- Born: Isle of Capri, Italy
- Culinary career
- Current restaurant Andrea's;

= Andrea Apuzzo =

American chef

Andrea Apuzzo is an Italian-American chef. His restaurant, Andrea's, in Metairie, Louisiana, United States, is one of the New Orleans area's noted restaurants.

Apuzzo was born and raised in Italy, on the Isle of Capri, but has traveled and cooked in Europe, the Caribbean, and the United States. He has published two cookbooks, La Cucina di Andrea's and Andrea's Light Cookbook, and received the Wine Spectator Award of Excellence and the DiRoNA Excellence Award, among others.

==Biography==
Apuzzo began his formal culinary education while working in a bakery in his home town of Anacapri. At fourteen, he left Capri to travel to Germany, Switzerland, England and South America to further his culinary training in Europe and abroad.

After working 35 years in kitchens all over the world, Apuzzo moved to Bermuda in 1973 to work at the Southampton Princess Hotel and later the Hamilton Princess Hotel. In 1975, he came to the United States as Executive Sous-Chef of the Omni International Hotel in Atlanta, Georgia. In 1977, he moved to New Orleans as Executive Chef of the Royal Orleans Hotel, a position he held until January 1985 when he left to open Andrea's.

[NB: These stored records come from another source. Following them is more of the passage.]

(* Let $n\geq 1$. Suppose $\mathbf A\subseteq\mathbf B$ are finite equidistributed measured boolean algebras ($\mathbf A$ a subalgebra of $\mathbf B$ with the restricted measure), $g$ is an automorphism of $\mathbf A$ and $f$ is an automorphism of $\mathbf B$ such that $f|_{\mathbf A}=g^n$. Then there is a finite equidistributed measured boolean algebra $\mathbf C$ containing $\mathbf B$ as a measured subalgebra and an automorphism $h$ of $\mathbf C$ extending $g$ such that $h^n|_{\mathbf B}=f$. The same holds with "equidistributed" replaced throughout by "equidistributed dyadic".
   Context: A finite boolean algebra equipped with a finitely additive probability measure is equidistributed if all its atoms have the same positive measure, and equidistributed dyadic if it has $2^k$ atoms each of measure $2^{-k}$ for some $k\ge 0$. For equidistributed algebras every automorphism (permutation of atoms) is measure preserving. *)

theory Defs
  imports "HOL-Probability.Probability"
begin

text \<open>A finite measured boolean algebra is represented concretely as a finite algebra of
  sets (the measurable sets of a measure) carrying a probability measure.  Every finite
  boolean algebra is isomorphic to such a set algebra, and on a finite algebra finite
  additivity coincides with countable additivity.\<close>

definition finite_mba :: "'a measure \<Rightarrow> bool" where
  "finite_mba M \<longleftrightarrow> prob_space M \<and> finite (sets M)"

definition mba_atom :: "'a measure \<Rightarrow> 'a set \<Rightarrow> bool" where
  "mba_atom M a \<longleftrightarrow> a \<in> sets M \<and> a \<noteq> {} \<and> (\<forall>b\<in>sets M. b \<subseteq> a \<longrightarrow> b = {} \<or> b = a)"

definition equidistributed :: "'a measure \<Rightarrow> bool" where
  "equidistributed M \<longleftrightarrow> finite_mba M \<and>
     (\<exists>c::real. c > 0 \<and> (\<forall>a. mba_atom M a \<longrightarrow> measure M a = c))"

definition equidistributed_dyadic :: "'a measure \<Rightarrow> bool" where
  "equidistributed_dyadic M \<longleftrightarrow> finite_mba M \<and>
     (\<exists>k::nat. card {a. mba_atom M a} = 2 ^ k \<and>
        (\<forall>a. mba_atom M a \<longrightarrow> measure M a = 1 / 2 ^ k))"

definition measured_subalgebra :: "'a measure \<Rightarrow> 'a measure \<Rightarrow> bool" where
  "measured_subalgebra A B \<longleftrightarrow> space A = space B \<and> sets A \<subseteq> sets B \<and>
     (\<forall>X\<in>sets A. measure A X = measure B X)"

definition ba_automorphism :: "'a measure \<Rightarrow> ('a set \<Rightarrow> 'a set) \<Rightarrow> bool" where
  "ba_automorphism M f \<longleftrightarrow> bij_betw f (sets M) (sets M) \<and>
     (\<forall>X\<in>sets M. \<forall>Y\<in>sets M. f (X \<union> Y) = f X \<union> f Y) \<and>
     (\<forall>X\<in>sets M. f (space M - X) = space M - f X)"

text \<open>Embedding of measured boolean algebras: injective boolean homomorphism preserving
  the measure.  "C contains B as a measured subalgebra" is read up to isomorphism via
  such an embedding.\<close>
definition mba_embedding :: "'a measure \<Rightarrow> 'b measure \<Rightarrow> ('a set \<Rightarrow> 'b set) \<Rightarrow> bool" where
  "mba_embedding B C e \<longleftrightarrow> inj_on e (sets B) \<and> e ` sets B \<subseteq> sets C \<and>
     (\<forall>X\<in>sets B. \<forall>Y\<in>sets B. e (X \<union> Y) = e X \<union> e Y) \<and>
     (\<forall>X\<in>sets B. e (space B - X) = space C - e X) \<and>
     (\<forall>X\<in>sets B. measure C (e X) = measure B X)"

end

theory Submission
  imports Defs
begin

text \<open>Since A and B are equidistributed, every atom q of A contains the same number m of atoms of B.
  The atoms of C are the threads (b_0, ..., b_{n-1}) of atoms of B with b_i below g^i q for some
  atom q of A; there are |atoms B| * m^(n-1) of them, a power of two if A and B are dyadic.
  A set X of B is sent to the set of threads with b_0 \<subseteq> X, and h shifts threads,
  (b_0, ..., b_{n-1}) \<mapsto> (b_1, ..., b_{n-1}, f b_0). As f q = g^n q, the shift maps threads over q
  to threads over g q, so h extends g; and h^n acts on the first entry as f, so h^n extends f.\<close>

section \<open>Atoms of finite measured boolean algebras\<close>

definition atoms :: "'a measure \<Rightarrow> 'a set set" where
  "atoms M = {a. mba_atom M a}"

lemma mba_atom_sets: "mba_atom M a \<Longrightarrow> a \<in> sets M"
  and mba_atom_nonempty: "mba_atom M a \<Longrightarrow> a \<noteq> {}"
  and mba_atom_subset_cases: "mba_atom M a \<Longrightarrow> b \<in> sets M \<Longrightarrow> b \<subseteq> a \<Longrightarrow> b = {} \<or> b = a"
  unfolding mba_atom_def by blast+

lemma finite_atoms: "finite_mba M \<Longrightarrow> finite (atoms M)"
  unfolding finite_mba_def atoms_def
  by (rule finite_subset[of _ "sets M"]) (auto dest: mba_atom_sets)

lemma mba_atom_subset_or_disjoint:
  assumes "mba_atom M a" "X \<in> sets M"
  shows "a \<subseteq> X \<or> a \<inter> X = {}"
  using mba_atom_subset_cases[OF assms(1) sets.Int[OF mba_atom_sets[OF assms(1)] assms(2)]] by blast

lemma mba_atom_eqI:
  assumes "mba_atom M a" "mba_atom M b" "a \<inter> b \<noteq> {}"
  shows "a = b"
  using mba_atom_subset_or_disjoint[OF assms(1) mba_atom_sets[OF assms(2)]]
    mba_atom_subset_or_disjoint[OF assms(2) mba_atom_sets[OF assms(1)]] assms(3) by blast

lemma mba_atom_exists:
  assumes "finite_mba M" "X \<in> sets M" "x \<in> X"
  obtains a where "mba_atom M a" "x \<in> a" "a \<subseteq> X"
proof -
  define F where "F = {Y\<in>sets M. x \<in> Y \<and> Y \<subseteq> X}"
  define a where "a = (\<Inter>Y\<in>F. Y)"
  have "finite F" "X \<in> F"
    using assms unfolding finite_mba_def F_def by auto
  then have a_sets: "a \<in> sets M"
    unfolding a_def by (intro sets.finite_INT) (auto simp: F_def)
  have "x \<in> a" "a \<subseteq> X"
    using \<open>X \<in> F\<close> unfolding a_def F_def by auto
  moreover have "mba_atom M a"
    unfolding mba_atom_def
  proof (intro conjI ballI impI)
    fix b assume b: "b \<in> sets M" "b \<subseteq> a"
    show "b = {} \<or> b = a"
    proof (cases "x \<in> b")
      case True
      then have "b \<in> F" using b \<open>a \<subseteq> X\<close> unfolding F_def by auto
      then show ?thesis using b unfolding a_def by auto
    next
      case False
      then have "a - b \<in> F" using b a_sets \<open>x \<in> a\<close> \<open>a \<subseteq> X\<close> unfolding F_def by auto
      then show ?thesis using b unfolding a_def by auto
    qed
  qed (use a_sets \<open>x \<in> a\<close> in auto)
  ultimately show ?thesis using that by blast
qed

lemma atoms_nonempty:
  assumes "finite_mba M"
  shows "atoms M \<noteq> {}"
proof -
  interpret prob_space M
    using assms by (simp add: finite_mba_def)
  obtain x where "x \<in> space M"
    using not_empty by blast
  then obtain a where "mba_atom M a"
    using mba_atom_exists[OF assms sets.top] by blast
  then show ?thesis
    by (auto simp: atoms_def)
qed

lemma Union_atoms_below:
  assumes "finite_mba M" "X \<in> sets M"
  shows "\<Union>{a\<in>atoms M. a \<subseteq> X} = X"
  using mba_atom_exists[OF assms] unfolding atoms_def by blast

Apuzzo belongs to organizations such as The Confrerie de la Chaine des Rotisseurs, International Wine & Food Society, Vatel Club, Les Toque Blanches, GRI (Gruppo Ristoranti Italiani), the James Beard Foundation and the Certified Executive Chef Association. Apuzzo has received the Wine Spectator of Excellence Award and the Distinguished Restaurants of North America (DiRona) Excellence Awards.

==Works==
In 1990, Apuzzo published his first cookbook, La Cucina di Andrea's, which contains over 300 recipes. In 1994, Apuzzo published his second book, Andrea's Light Cookbook, which contains recipes for low fat, low cholesterol and low calorie dishes that are approved by the American Heart Association and the American Diabetes Association.